>>>
(* Fix $d\ge1$. The set of $F$-norms on $\mathbb{R}^{d+1}$, equipped with the multiplication $*$, is a commutative monoid with identity element the sup-norm $\|\mathbf{x}\|_\infty=\max_{0\le i\le d}|x_i|$. The only invertible elements are the $F$-norms generated by nonrandom vectors.
   Context: Condition $(\mathcal{H})$ on a random vector $\mathbf{X}=(X_1,\dots,X_d)$: each $X_i$ is almost surely nonnegative with $0<E(X_i)<\infty$. For such $\mathbf{X}$ with distribution function $F$, the $F$-norm is $\|\mathbf{x}\|_F=E(\max(|x_0|,|x_1|X_1,\dots,|x_d|X_d))$, $\mathbf{x}\in\mathbb{R}^{d+1}$; $\mathbf{X}$ is said to generate it, and an $F$-norm is any norm on $\mathbb{R}^{d+1}$ of this form. The product $\|\cdot\|_F*\|\cdot\|_G$ is the $F$-norm generated by the componentwise product $(X_1Y_1,\dots,X_dY_d)$, where $\mathbf{X}\sim F$ and $\mathbf{Y}\sim G$ are independent and satisfy $(\mathcal{H})$. An $F$-norm generated by a nonrandom vector $\mathbf{c}>\mathbf{0}$ is $\max(|x_0|,c_1|x_1|,\dots,c_d|x_d|)$. *)

theory Defs
  imports "HOL-Probability.Probability" "HOL-Algebra.Group"
begin

text \<open>Vectors of R^(d+1) are represented as functions nat => real; only the
coordinates 0..d matter. A random vector (X_1,...,X_d) is represented by its
distribution, a measure on the product space indexed by {1..d}.\<close>

definition vec_space :: "nat \<Rightarrow> (nat \<Rightarrow> real) measure" where
  "vec_space d = PiM {1..d} (\<lambda>_. borel)"

definition condH :: "nat \<Rightarrow> (nat \<Rightarrow> real) measure \<Rightarrow> bool" where
  "condH d P \<longleftrightarrow> prob_space P \<and> sets P = sets (vec_space d) \<and>
     (\<forall>i\<in>{1..d}. (AE y in P. 0 \<le> y i) \<and> integrable P (\<lambda>y. y i) \<and>
                   0 < integral\<^sup>L P (\<lambda>y. y i))"

definition fnorm :: "nat \<Rightarrow> (nat \<Rightarrow> real) measure \<Rightarrow> (nat \<Rightarrow> real) \<Rightarrow> real" where
  "fnorm d P x = integral\<^sup>L P (\<lambda>y. Max (insert \<bar>x 0\<bar> ((\<lambda>i. \<bar>x i\<bar> * y i) ` {1..d})))"

definition fnorms :: "nat \<Rightarrow> ((nat \<Rightarrow> real) \<Rightarrow> real) set" where
  "fnorms d = {fnorm d P | P. condH d P}"

text \<open>Distribution of the componentwise product (X_1 Y_1, ..., X_d Y_d) of
independent X ~ P and Y ~ Q.\<close>
definition prod_gen :: "nat \<Rightarrow> (nat \<Rightarrow> real) measure \<Rightarrow> (nat \<Rightarrow> real) measure
                         \<Rightarrow> (nat \<Rightarrow> real) measure" where
  "prod_gen d P Q = distr (P \<Otimes>\<^sub>M Q) (vec_space d) (\<lambda>(y, z). \<lambda>i\<in>{1..d}. y i * z i)"

definition fmult :: "nat \<Rightarrow> ((nat \<Rightarrow> real) \<Rightarrow> real) \<Rightarrow> ((nat \<Rightarrow> real) \<Rightarrow> real)
                      \<Rightarrow> ((nat \<Rightarrow> real) \<Rightarrow> real)" where
  "fmult d N1 N2 = fnorm d (prod_gen d (SOME P. condH d P \<and> fnorm d P = N1)
                                     (SOME Q. condH d Q \<and> fnorm d Q = N2))"

definition sup_norm :: "nat \<Rightarrow> (nat \<Rightarrow> real) \<Rightarrow> real" where
  "sup_norm d x = Max ((\<lambda>i. \<bar>x i\<bar>) ` {0..d})"

definition const_gen :: "nat \<Rightarrow> (nat \<Rightarrow> real) \<Rightarrow> (nat \<Rightarrow> real) measure" where
  "const_gen d c = return (vec_space d) (restrict c {1..d})"

definition fnorm_monoid :: "nat \<Rightarrow> ((nat \<Rightarrow> real) \<Rightarrow> real) monoid" where
  "fnorm_monoid d = \<lparr>carrier = fnorms d, mult = fmult d, one = sup_norm d\<rparr>"

end

theory Submission
  imports Defs
begin

text \<open>Write \<open>G(x, y) = max(|x\<^sub>0|, |x\<^sub>1| y\<^sub>1, ..., |x\<^sub>d| y\<^sub>d)\<close>. For \<open>y \<ge> 0\<close> one has
  \<open>G(x, y z) = G(x', z)\<close> with \<open>x' = (x\<^sub>0, x\<^sub>1 y\<^sub>1, ..., x\<^sub>d y\<^sub>d)\<close>, so by Tonelli the
  F-norm generated by \<open>X Y\<close> is, at \<open>x\<close>, the \<open>X\<close>-average of the F-norm generated by \<open>Y\<close>
  at \<open>x'\<close>: it depends on \<open>Y\<close> only through its F-norm, and symmetrically on \<open>X\<close>.
  Commutativity and associativity hold already for the distributions of the products,
  and the constant vector \<open>1\<close> generates the sup-norm. If \<open>X Y\<close> generates the sup-norm,
  evaluation at \<open>e\<^sub>i\<close> and \<open>e\<^sub>0 + e\<^sub>i\<close> gives \<open>E max(0, X\<^sub>i Y\<^sub>i) = E max(1, X\<^sub>i Y\<^sub>i) = 1\<close>,
  hence \<open>X\<^sub>i Y\<^sub>i = 1\<close> almost surely, and by independence \<open>X\<^sub>i\<close> is almost surely constant.\<close>

lemma pair_prob_spaceI: "prob_space P \<Longrightarrow> prob_space Q \<Longrightarrow> pair_prob_space P Q"
  by (simp add: pair_prob_space_def pair_sigma_finite_def prob_space_imp_sigma_finite)

lemma measure_eqI_nn_integral:
  assumes "sets M = sets N"
    and "\<And>f. f \<in> borel_measurable M \<Longrightarrow> (\<integral>\<^sup>+x. f x \<partial>M) = (\<integral>\<^sup>+x. f x \<partial>N)"
  shows "M = N"
proof (rule measure_eqI)
  fix A assume "A \<in> sets M"
  then show "emeasure M A = emeasure N A"
    using assms(2)[of "indicator A"] assms(1) by (simp add: nn_integral_indicator)
qed fact

lemma integrable_pos_iff_nn_integral:
  fixes f :: "'a \<Rightarrow> real"
  assumes "f \<in> borel_measurable M" "AE x in M. 0 \<le> f x"
  shows "integrable M f \<and> 0 < integral\<^sup>L M f \<longleftrightarrow>
    0 < (\<integral>\<^sup>+x. ennreal (f x) \<partial>M) \<and> (\<integral>\<^sup>+x. ennreal (f x) \<partial>M) < \<infinity>"
  by (auto simp: integral_eq_nn_integral[OF assms] enn2real_positive_iff intro: integrableI_nonneg[OF assms])

lemma AE_eq_if_AE_le_nn_integral_eq:
  assumes [measurable]: "f \<in> borel_measurable M" "g \<in> borel_measurable M"
    and le: "AE x in M. f x \<le> g x"
    and eq: "(\<integral>\<^sup>+x. f x \<partial>M) = (\<integral>\<^sup>+x. g x \<partial>M)" and fin: "(\<integral>\<^sup>+x. f x \<partial>M) \<noteq> \<infinity>"
  shows "AE x in M. f x = g x"
proof -
  have "AE x in M. g x \<le> f x"
    using nn_integral_less[OF assms(1,2) fin le] eq by auto
  with le show ?thesis
    by eventually_elim simp
qed

lemma (in prob_space) AE_eq_1_if_nn_integral_max_eq_1:
  assumes [measurable]: "f \<in> borel_measurable M"
    and max0: "(\<integral>\<^sup>+x. ennreal (max 0 (f x)) \<partial>M) = 1"
    and max1: "(\<integral>\<^sup>+x. ennreal (max 1 (f x)) \<partial>M) = 1"
  shows "AE x in M. f x = 1"
proof -
  have "AE x in M. ennreal 1 = ennreal (max 1 (f x))"
    using max1 by (intro AE_eq_if_AE_le_nn_integral_eq) (auto simp: emeasure_space_1)
  then have le: "AE x in M. f x \<le> 1"
    by eventually_elim simp
  have "AE x in M. ennreal (max 0 (f x)) = ennreal 1"
    using max0 le by (intro AE_eq_if_AE_le_nn_integral_eq) (auto simp: emeasure_space_1 elim!: eventually_mono)
  then show ?thesis
    by eventually_elim (simp add: max_def split: if_splits)
qed

lemma AE_eq_const_if_AE_pair_mult_eq_1:
  assumes "pair_prob_space P Q"
    and "{p \<in> space (P \<Otimes>\<^sub>M Q). f (fst p) * g (snd p) = (1 :: real)} \<in> sets (P \<Otimes>\<^sub>M Q)"
    and "AE p in P \<Otimes>\<^sub>M Q. f (fst p) * g (snd p) = 1"
  shows "\<exists>c. AE y in P. f y = c"
proof -
  interpret pair_prob_space P Q by (rule assms(1))
  have "AE z in Q. AE y in P. f y * g z = 1"
    using assms(2,3) by (simp add: AE_commute[symmetric] AE_pair_iff)
  then obtain z where "AE y in P. f y * g z = 1"
    using eventually_happens'[OF M2.ae_filter_bot] by blast
  then have "AE y in P. f y = 1 / g z"
    by eventually_elim (metis nonzero_eq_divide_eq mult_zero_right zero_neq_one)
  then show ?thesis ..
qed

section \<open>The integrand of an F-norm\<close>

definition fnorm_integrand :: "nat \<Rightarrow> (nat \<Rightarrow> real) \<Rightarrow> (nat \<Rightarrow> real) \<Rightarrow> real" where
  "fnorm_integrand d x y = Max (insert \<bar>x 0\<bar> ((\<lambda>i. \<bar>x i\<bar> * y i) ` {1..d}))"

text \<open>F-norms as nonnegative integrals, so that Tonelli's theorem applies without
  integrability side conditions.\<close>

definition fnorm_nn :: "nat \<Rightarrow> (nat \<Rightarrow> real) measure \<Rightarrow> (nat \<Rightarrow> real) \<Rightarrow> ennreal" where
  "fnorm_nn d P x = (\<integral>\<^sup>+y. ennreal (fnorm_integrand d x y) \<partial>P)"

definition vec_mult :: "nat \<Rightarrow> (nat \<Rightarrow> real) \<Rightarrow> (nat \<Rightarrow> real) \<Rightarrow> (nat \<Rightarrow> real)" where
  "vec_mult d y z = (\<lambda>i\<in>{1..d}. y i * z i)"

definition scale_coords :: "(nat \<Rightarrow> real) \<Rightarrow> (nat \<Rightarrow> real) \<Rightarrow> (nat \<Rightarrow> real)" where
  "scale_coords x y = (\<lambda>i. if i = 0 then x 0 else x i * y i)"

lemma measurable_coord_vec_space[measurable]:
  "i \<in> {1..d} \<Longrightarrow> (\<lambda>y. y i) \<in> borel_measurable (vec_space d)"
  unfolding vec_space_def by simp

lemma fnorm_integrand_eq_Max:
  "fnorm_integrand d x y = Max ((\<lambda>i. if i = 0 then \<bar>x 0\<bar> else \<bar>x i\<bar> * y i) ` {0..d})"
proof -
  have "{0..d} = insert 0 {1..d}"
    by auto
  then show ?thesis
    unfolding fnorm_integrand_def by (auto intro!: arg_cong[where f=Max])
qed

lemma measurable_fnorm_integrand[measurable]:
  assumes [measurable]: "f \<in> measurable M (vec_space d)"
  shows "(\<lambda>w. fnorm_integrand d x (f w)) \<in> borel_measurable M"
proof -
  have "fnorm_integrand d x = (\<lambda>y. Max ((\<lambda>i. if i = 0 then \<bar>x 0\<bar> else \<bar>x i\<bar> * y i) ` {0..d}))"
    by (simp add: fun_eq_iff fnorm_integrand_eq_Max)
  also have "\<dots> \<in> borel_measurable (vec_space d)"
  proof (intro borel_measurable_Max)
    show "(\<lambda>y. if i = 0 then \<bar>x 0\<bar> else \<bar>x i\<bar> * y i) \<in> borel_measurable (vec_space d)"
      if "i \<in> {0..d}" for i
      using that by (cases "i = 0") auto
  qed simp
  finally show ?thesis by measurable
qed

lemma measurable_vec_mult[measurable]:
  assumes "f \<in> measurable M (vec_space d)" "g \<in> measurable M (vec_space d)"
  shows "(\<lambda>w. vec_mult d (f w) (g w)) \<in> measurable M (vec_space d)"
  using assms unfolding vec_mult_def vec_space_def by measurable

lemma measurable_vec_mult_left[measurable]:
  assumes "f \<in> measurable M (vec_space d)"
  shows "(\<lambda>w. vec_mult d c (f w)) \<in> measurable M (vec_space d)"
  using assms unfolding vec_mult_def vec_space_def by measurable

lemma vec_mult_restrict_left: "vec_mult d (restrict c {1..d}) z = vec_mult d c z"
  and vec_mult_restrict_right: "vec_mult d y (restrict c {1..d}) = vec_mult d y c"
  by (auto simp: vec_mult_def fun_eq_iff)

lemma vec_mult_assoc: "vec_mult d (vec_mult d y z) u = vec_mult d y (vec_mult d z u)"
  by (auto simp: vec_mult_def fun_eq_iff)

lemma fnorm_integrand_nonneg: "0 \<le> fnorm_integrand d x y"
  unfolding fnorm_integrand_def by (rule order.trans[OF abs_ge_zero Max_ge]) auto

lemma fnorm_integrand_le: "fnorm_integrand d x y \<le> \<bar>x 0\<bar> + (\<Sum>i\<in>{1..d}. \<bar>x i\<bar> * \<bar>y i\<bar>)"
proof -
  have "\<bar>x j\<bar> * y j \<le> (\<Sum>i\<in>{1..d}. \<bar>x i\<bar> * \<bar>y i\<bar>)" if "j \<in> {1..d}" for j
  proof -
    have "\<bar>x j\<bar> * y j \<le> \<bar>x j\<bar> * \<bar>y j\<bar>" by (simp add: mult_left_mono)
    also have "\<dots> \<le> (\<Sum>i\<in>{1..d}. \<bar>x i\<bar> * \<bar>y i\<bar>)" using that by (intro member_le_sum) auto
    finally show ?thesis .
  qed
  moreover have "0 \<le> (\<Sum>i\<in>{1..d}. \<bar>x i\<bar> * \<bar>y i\<bar>)"
    by (intro sum_nonneg) auto
  ultimately show ?thesis
    unfolding fnorm_integrand_def by (intro Max.boundedI) (auto intro: add_increasing add_increasing2)
qed

lemma fnorm_integrand_cong:
  "(\<And>i. i \<in> {1..d} \<Longrightarrow> y i = y' i) \<Longrightarrow> fnorm_integrand d x y = fnorm_integrand d x y'"
  unfolding fnorm_integrand_def by (auto intro!: arg_cong[where f=Max])

lemma fnorm_integrand_coord:
  assumes "i \<in> {1..d}" "0 \<le> a"
  shows "fnorm_integrand d ((\<lambda>_. 0)(0 := a, i := 1)) y = max a (y i)"
  unfolding fnorm_integrand_def
proof (rule Max_eqI)
  show "max a (y i) \<in> insert \<bar>((\<lambda>_. 0)(0 := a, i := 1)) 0\<bar> ((\<lambda>j. \<bar>((\<lambda>_. 0)(0 := a, i := 1)) j\<bar> * y j) ` {1..d})"
    using assms by (cases "a \<le> y i") (auto simp: max_def intro!: image_eqI[where x=i])
qed (use assms in auto)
<<<
* [EXERCISE BRIEF]: Please give back, exactly as it stands above, the stretch from the line with "(SOME Q. condH" through the line with "and the constant", and no line outside it.

* [ANSWER TO THIS PROBLEM]:
                                     (SOME Q. condH d Q \<and> fnorm d Q = N2))"

definition sup_norm :: "nat \<Rightarrow> (nat \<Rightarrow> real) \<Rightarrow> real" where
  "sup_norm d x = Max ((\<lambda>i. \<bar>x i\<bar>) ` {0..d})"

definition const_gen :: "nat \<Rightarrow> (nat \<Rightarrow> real) \<Rightarrow> (nat \<Rightarrow> real) measure" where
  "const_gen d c = return (vec_space d) (restrict c {1..d})"

definition fnorm_monoid :: "nat \<Rightarrow> ((nat \<Rightarrow> real) \<Rightarrow> real) monoid" where
  "fnorm_monoid d = \<lparr>carrier = fnorms d, mult = fmult d, one = sup_norm d\<rparr>"

end

theory Submission
  imports Defs
begin

text \<open>Write \<open>G(x, y) = max(|x\<^sub>0|, |x\<^sub>1| y\<^sub>1, ..., |x\<^sub>d| y\<^sub>d)\<close>. For \<open>y \<ge> 0\<close> one has
  \<open>G(x, y z) = G(x', z)\<close> with \<open>x' = (x\<^sub>0, x\<^sub>1 y\<^sub>1, ..., x\<^sub>d y\<^sub>d)\<close>, so by Tonelli the
  F-norm generated by \<open>X Y\<close> is, at \<open>x\<close>, the \<open>X\<close>-average of the F-norm generated by \<open>Y\<close>
  at \<open>x'\<close>: it depends on \<open>Y\<close> only through its F-norm, and symmetrically on \<open>X\<close>.
  Commutativity and associativity hold already for the distributions of the products,
  and the constant vector \<open>1\<close> generates the sup-norm. If \<open>X Y\<close> generates the sup-norm,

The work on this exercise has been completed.